section \<open>Cofactors of the shifted Laplacian\<close>

lemma shifted_laplacian_entry:
  fixes lam :: "'a::{real_algebra_1, idom}"
  assumes "k < n" "c < n"
  shows "(lam \<cdot>\<^sub>m 1\<^sub>m n + map_mat of_real (laplacian n w)) $$ (k, c) =
    (\<Sum>m<n. (if m = k then lam else of_real (w k m)) * (of_bool (c = k) - of_bool (m \<noteq> k \<and> c = m)))"
proof -
  have "(\<Sum>m<n. (if m = k then lam else of_real (w k m)) * (of_bool (c = k) - of_bool (m \<noteq> k \<and> c = m))) =
      lam * of_bool (c = k) + (\<Sum>m\<in>{0..<n} - {k}. of_real (w k m) * (of_bool (c = k) - of_bool (c = m)))"
    using assms(1) by (simp add: lessThan_atLeast0 sum.remove[of _ k] cong: sum.cong_simp)
  also have "(\<Sum>m\<in>{0..<n} - {k}. of_real (w k m) * (of_bool (c = k) - of_bool (c = m))) =
      (if c = k then (\<Sum>m\<in>{0..<n} - {k}. of_real (w k m)) else - of_real (w k c))"
  proof (cases "c = k")
    case False
    then have "(\<Sum>m\<in>{0..<n} - {k}. of_real (w k m) * (of_bool (c = k) - of_bool (c = m))) =
        (\<Sum>m\<in>{0..<n} - {k}. - (if m = c then of_real (w k m) else 0 :: 'a))"
      by (intro sum.cong) auto
    then show ?thesis
      using False assms(2) by (simp add: sum_negf)
  qed simp
  finally show ?thesis
    using assms by (auto simp: laplacian_def of_real_sum)
qed
(* For every integer $g\ge 1$ there exist polynomials $A_g,B_g\in\mathbb{C}[x]$ (with coefficients depending on $T$) such that $$w_{1,0}^{(g)}(x)=\frac{A_g(x)}{y(x)^{3g-2}}+\frac{B_g(x)}{y(x)^{3g-1}},$$ where $\deg A_g\le g-1$, $\deg B_g\le g$, $A_g(-x)=(-1)^{g-1}A_g(x)$, $B_g(-x)=(-1)^{g}B_g(x)$, and the coefficient of $x^{g-1}$ in $A_g$ is the negative of the coefficient of $x^{g}$ in $B_g$.
   Context: Fix $T>0$. Let $y(x)=\sqrt{x^2-4T}$ denote the branch analytic on $\mathbb{C}\setminus[-2\sqrt T,2\sqrt T]$ with $y(x)\sim x$ as $x\to\infty$; write $y_i=y(x_i)$. Let $\hbar$ be a parameter (in the application $\hbar=\sqrt{\kappa}-1/\sqrt{\kappa}$, where $\beta=2\kappa$ is the Dyson index of the Gaussian $\beta$-ensemble $\prod_{i<j}|\lambda_i-\lambda_j|^{2\kappa}e^{-\frac{N\kappa}{T}\sum_i\lambda_i^2/2}$). The functions $W_n^{(g)}(x_1,\dots,x_n)$, $n\ge1$, $g\ge0$ (the coefficients of the large-$N$ expansion of the connected correlators $\langle\sum_{i_1,\dots,i_n}\prod_k (x_k-\lambda_{i_k})^{-1}\rangle_c$ of that ensemble), are the symmetric functions determined recursively as follows: $W_1^{(0)}(x)=\tfrac12(x-y(x))$; by convention $W_n^{(-1)}=W_n^{(-2)}=0$; and for every $(n,g)$ with $n\ge1$, $g\ge0$, $(n,g)\neq(1,0)$, writing $I=(x_1,\dots,x_{n-1})$, $$y(x)W_n^{(g)}(x,I)=\hbar\,\partial_xW_n^{(g-1)}(x,I)+W_{n+1}^{(g-2)}(x,x,I)+{\sum_{J\subseteq I}}'\sum_{p=0}^{g}W_{|J|+1}^{(p)}(x,J)\,W_{n-|J|}^{(g-p)}(x,I\setminus J)+\sum_{i=1}^{n-1}\frac{\partial}{\partial x_i}\frac{W_{n-1}^{(g)}(x,I\setminus\{x_i\})-W_{n-1}^{(g)}(I)}{x-x_i},$$ where the primed double sum omits the two terms $(J=\emptyset,p=0)$ and $(J=I,p=g)$, and for $n=1$ the last sum is empty. These functions are rational in the $x_i$ and $y_i$, regular on the diagonals, and each $W_n^{(g)}$ is a polynomial in $\hbar$ of degree at most $g$ containing only powers $\hbar^j$ with $j\equiv g \pmod 2$. For $k\ge1$, $g\ge0$ and $0\le r\le g/2$, $w_{k,2r}^{(g)}(x)$ denotes the coefficient of $\hbar^{g-2r}$ in $W_k^{(g)}(x,\dots,x)$ (all $k$ arguments equal to $x$). Thus $w_{1,0}^{(g)}(x)$ is the coefficient of $\hbar^g$ in $W_1^{(g)}(x)$. *)

theory Defs
  imports "HOL-Analysis.Analysis"
begin

text \<open>The branch of sqrt(x^2 - 4T) analytic off the cut [-2 sqrt T, 2 sqrt T]
  with y(x) ~ x at infinity (csqrt is the principal branch).\<close>
definition ycut :: "real \<Rightarrow> complex \<Rightarrow> complex" where
  "ycut T x = x * csqrt (1 - 4 * complex_of_real T / x ^ 2)"

definition cut :: "real \<Rightarrow> complex set" where
  "cut T = {complex_of_real t | t. - 2 * sqrt T \<le> t \<and> t \<le> 2 * sqrt T}"

text \<open>Wc T g j (x # I) is the coefficient of hbar^j in W_n^{(g)}(x, I), n = length (x # I),
  defined through the loop equation (valid at generic points: pairwise distinct, off the cut).
  Diagonal values W(x,x,I) are obtained as limits.\<close>
lemma Wc_len_nths:
  assumes "J \<subseteq> {..<length I}"
  shows "length (nths I J) = card J"
proof -
  have "{i. i < length I \<and> i \<in> J} = J" using assms by auto
  then show ?thesis by (simp add: length_nths)
qed

lemma Wc_len_nths_compl:
  "length (nths I ({..<length I} - J)) = card ({..<length I} - J)"
proof -
  have "{i. i < length I \<and> i \<in> {..<length I} - J} = {..<length I} - J" by auto
  then show ?thesis by (simp add: length_nths)
qed
lemma (in prob_space) prob_UN_le_geometric:
  assumes "range B \<subseteq> events" "\<And>l. prob (B l) \<le> q * (1/2)^l"
  shows "prob (\<Union>l. B l) \<le> 2 * q"
proof -
  have summable: "summable (\<lambda>l. q * (1/2::real)^l)"
    by (intro summable_mult summable_geometric) simp
  then have "summable (\<lambda>l. prob (B l))"
    by (rule summable_comparison_test'[where N=0]) (use assms(2) in auto)
  then have "prob (\<Union>l. B l) \<le> (\<Sum>l. prob (B l))"
    using assms(1) by (intro finite_measure_subadditive_countably) auto
  also have "\<dots> \<le> (\<Sum>l. q * (1/2::real)^l)"
    using assms(2) \<open>summable (\<lambda>l. prob (B l))\<close> summable by (rule suminf_le)
  also have "\<dots> = 2 * q"
    using suminf_mult[OF summable_geometric[of "1/2::real"], of q] suminf_geometric[of "1/2::real"]
    by simp
  finally show ?thesis .
qed

lemma small_quotient_by_power:
  fixes F \<delta> :: real
  assumes "F > 0" "\<delta> > 0" "n > 0"
  obtains C where "C \<ge> 1" "2 * (F / C^n) < \<delta>"
proof
  define C where "C = 4 * F / \<delta> + 1"
  show "C \<ge> 1"
    using assms by (simp add: C_def)
  have "\<delta> * C = 4 * F + \<delta>"
    using assms by (simp add: C_def field_simps)
  then have "2 * (F / C) < \<delta>"
    using \<open>C \<ge> 1\<close> assms by (simp add: field_simps)
  moreover have "2 * (F / C^n) \<le> 2 * (F / C)"
    using \<open>C \<ge> 1\<close> assms by (intro mult_left_mono divide_left_mono) (auto intro: power_increasing[of 1 n C, simplified])
  ultimately show "2 * (F / C^n) < \<delta>"
    by linarith
qed

lemma (in prob_space) brownian_dyadic_level:
  fixes l :: nat
  assumes W: "std_brownian_motion M W" and K: "K > 0" and C: "C \<ge> 1" and p: "2 \<le> real p * (1 - 2*\<beta>)"
  defines "B \<equiv> \<Union>i<2^l. {\<omega>\<in>space M.
             C * sqrt K * ((1/2)^l) powr \<beta> \<le> \<bar>W (K * (real (i+1) / 2^l)) \<omega> - W (K * (real i / 2^l)) \<omega>\<bar>}"
  shows "B \<in> events" and "prob B \<le> fact (2*p) / C^(2*p) * (1/2)^l"
    and "\<omega> \<in> space M - B \<Longrightarrow> i < 2^l \<Longrightarrow>
           \<bar>W (K * (real (i+1) / 2^l)) \<omega> - W (K * (real i / 2^l)) \<omega>\<bar> \<le> C * sqrt K * ((1/2)^l) powr \<beta>"
proof -
  show "\<omega> \<in> space M - B \<Longrightarrow> i < 2^l \<Longrightarrow>
      \<bar>W (K * (real (i+1) / 2^l)) \<omega> - W (K * (real i / 2^l)) \<omega>\<bar> \<le> C * sqrt K * ((1/2)^l) powr \<beta>"
    unfolding B_def by (auto simp: not_le intro: less_imp_le)
  define bad where "bad i = {\<omega>\<in>space M.
      C * sqrt K * ((1/2)^l) powr \<beta> \<le> \<bar>W (K * (real (i+1) / 2^l)) \<omega> - W (K * (real i / 2^l)) \<omega>\<bar>}" for i :: nat
  define q where "q = fact (2*p) / C^(2*p)"
  have "p > 0"
    using p by (cases p) auto
  have bad_sets: "bad i \<in> events" for i
  proof -
    have [measurable]: "W (K * (real (i+1) / 2^l)) \<in> borel_measurable M" "W (K * (real i / 2^l)) \<in> borel_measurable M"
      using W K unfolding std_brownian_motion_def by auto
    show ?thesis
      unfolding bad_def by measurable
  qed
  then show "B \<in> events"
    unfolding B_def bad_def[symmetric] by auto
  have bad_prob: "prob (bad i) \<le> q * ((1/2)^l)^2" for i
  proof -
    have "0 \<le> K * (real i / 2^l)" "K * (real i / 2^l) < K * (real (i+1) / 2^l)"
      using K by (auto simp: field_simps)
    then have "prob (bad i) \<le> fact (2*p) * (K * (real (i+1) / 2^l) - K * (real i / 2^l))^p
                                 / (C * sqrt K * ((1/2)^l) powr \<beta>)^(2*p)"
      unfolding bad_def using K C \<open>p > 0\<close> by (intro brownian_increment_tail[OF prob_space_axioms W]) auto
    also have "\<dots> = q * ((K * (1/2)^l)^p / (sqrt K * ((1/2)^l) powr \<beta>)^(2*p))"
      unfolding q_def by (simp add: field_simps power_mult_distrib)
    also have "\<dots> \<le> q * ((1/2)^l)^2"
      using K p C by (intro mult_left_mono scaled_moment_ratio_le) (auto simp: q_def power_le_one)
    finally show ?thesis .
  qed
  have "prob B \<le> (\<Sum>i<2^l. prob (bad i))"
    unfolding B_def bad_def[symmetric] using bad_sets by (intro measure_UNION_le) auto
  also have "\<dots> \<le> (\<Sum>i<(2::nat)^l. q * ((1/2)^l)^2)"
    by (intro sum_mono bad_prob)
  also have "\<dots> = q * (1/2)^l"
    by (simp add: power2_eq_square power_one_over)
  finally show "prob B \<le> fact (2*p) / C^(2*p) * (1/2)^l"
    unfolding q_def .
qed

lemma brownian_dyadic_increments:
  assumes M: "prob_space M" and W: "std_brownian_motion M W" and \<beta>: "\<beta> < 1/2" and \<delta>: "\<delta> > 0"
  shows "\<exists>C>0. \<forall>K>0. holds_except M \<delta> (\<lambda>\<omega>. \<forall>l. \<forall>i<2^l.
           \<bar>W (K * (real (i+1) / 2^l)) \<omega> - W (K * (real i / 2^l)) \<omega>\<bar> \<le> C * sqrt K * ((1/2)^l) powr \<beta>)"
proof -
  interpret prob_space M by fact
  define p where "p = nat \<lceil>2 / (1 - 2*\<beta>)\<rceil>"
  have "2 / (1 - 2*\<beta>) \<le> real p"
    unfolding p_def by (rule real_nat_ceiling_ge)
  then have p: "2 \<le> real p * (1 - 2*\<beta>)"
    using \<beta> by (simp add: pos_divide_le_eq)
  then have "p > 0"
    by (cases p) auto
  define F :: real where "F = fact (2*p)"
  obtain C where "C \<ge> 1" and small: "2 * (F / C^(2*p)) < \<delta>"
    using small_quotient_by_power[of F \<delta> "2*p"] \<delta> \<open>p > 0\<close> by (auto simp: F_def)
  show ?thesis
  proof (intro exI[of _ C] conjI allI impI)
    fix K :: real
    assume K: "K > 0"
    define B where "B l = (\<Union>i<2^l. {\<omega>\<in>space M.
      C * sqrt K * ((1/2)^l) powr \<beta> \<le> \<bar>W (K * (real (i+1) / 2^l)) \<omega> - W (K * (real i / 2^l)) \<omega>\<bar>})" for l
    have B: "B l \<in> events" "prob (B l) \<le> F / C^(2*p) * (1/2)^l"
      "\<omega> \<in> space M - B l \<Longrightarrow> i < 2^l \<Longrightarrow>
         \<bar>W (K * (real (i+1) / 2^l)) \<omega> - W (K * (real i / 2^l)) \<omega>\<bar> \<le> C * sqrt K * ((1/2)^l) powr \<beta>"
      for l i \<omega>
      unfolding B_def F_def by (rule brownian_dyadic_level[OF W K \<open>C \<ge> 1\<close> p]; assumption)+
    then have "prob (\<Union>l. B l) \<le> 2 * (F / C^(2*p))"
      by (intro prob_UN_le_geometric) auto
    then have "prob (\<Union>l. B l) < \<delta>"
      using small by linarith
    then show "holds_except M \<delta> (\<lambda>\<omega>. \<forall>l. \<forall>i<2^l.
           \<bar>W (K * (real (i+1) / 2^l)) \<omega> - W (K * (real i / 2^l)) \<omega>\<bar> \<le> C * sqrt K * ((1/2)^l) powr \<beta>)"
      using B(1,3) by (intro holds_exceptI[of "\<Union>l. B l"]) blast+
  qed (use \<open>C \<ge> 1\<close> in auto)
qed

lemma brownian_growth_bound:
  assumes M: "prob_space M" and W: "std_brownian_motion M W" and e: "0 < e" "e < 1/2" and \<delta>: "\<delta> > 0"
  shows "\<exists>C. \<forall>K>0. holds_except M \<delta> (\<lambda>\<omega>. \<forall>t\<in>{0<..1}. \<bar>W (K*t) \<omega>\<bar> \<le> C * sqrt K * t powr (1/2 - e))"
proof -
  obtain C where C: "C > 0" and increments: "\<And>K. K > 0 \<Longrightarrow> holds_except M (\<delta>/2) (\<lambda>\<omega>. \<forall>l. \<forall>i<2^l.
      \<bar>W (K * (real (i+1) / 2^l)) \<omega> - W (K * (real i / 2^l)) \<omega>\<bar> \<le> C * sqrt K * ((1/2)^l) powr (1/2 - e/2))"
    using brownian_dyadic_increments[OF M W, of "1/2 - e/2" "\<delta>/2"] e \<delta> by auto
  have "AE \<omega> in M. W 0 \<omega> = 0 \<and> continuous_on {0..} (\<lambda>t. W t \<omega>)"
    using W unfolding std_brownian_motion_def by auto
  then have paths: "holds_except M (\<delta>/2) (\<lambda>\<omega>. W 0 \<omega> = 0 \<and> continuous_on {0..} (\<lambda>t. W t \<omega>))"
    using \<delta> by (intro holds_except_AE) auto
  show ?thesis
  proof (intro exI allI impI)
    fix K :: real
    assume K: "K > 0"
    show "holds_except M \<delta> (\<lambda>\<omega>. \<forall>t\<in>{0<..1}.
            \<bar>W (K*t) \<omega>\<bar> \<le> C / (1 - (1/2) powr (e/2)) * sqrt K * t powr (1/2 - e))"
    proof (rule holds_except_mono[OF holds_except_conj[OF increments[OF K] paths]], safe)
      fix \<omega> and t :: real
      assume inc: "\<forall>l. \<forall>i<2^l. \<bar>W (K * (real (i+1) / 2^l)) \<omega> - W (K * (real i / 2^l)) \<omega>\<bar>
                      \<le> C * sqrt K * ((1/2)^l) powr (1/2 - e/2)"
        and W0: "W 0 \<omega> = 0" and cont: "continuous_on {0..} (\<lambda>t. W t \<omega>)" and t: "t \<in> {0<..1}"
      have "continuous_on {0..1} (\<lambda>u. W (K*u) \<omega>)"
        using K by (intro continuous_on_compose2[OF cont] continuous_intros) auto
      then have "\<bar>W (K*t) \<omega>\<bar> \<le> C * sqrt K / (1 - (1/2) powr (e/2)) * t powr (1/2 - e/2 - e/2)"
        using W0 inc C K e t by (intro powr_bound_of_dyadic_increments[where g="\<lambda>u. W (K*u) \<omega>"]) auto
      then show "\<bar>W (K*t) \<omega>\<bar> \<le> C / (1 - (1/2) powr (e/2)) * sqrt K * t powr (1/2 - e)"
        by simp
    qed simp
  qed
qed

────────────────────

The answer is a count and nothing more: lines above that contain "csqrt".

■ Answer below: 2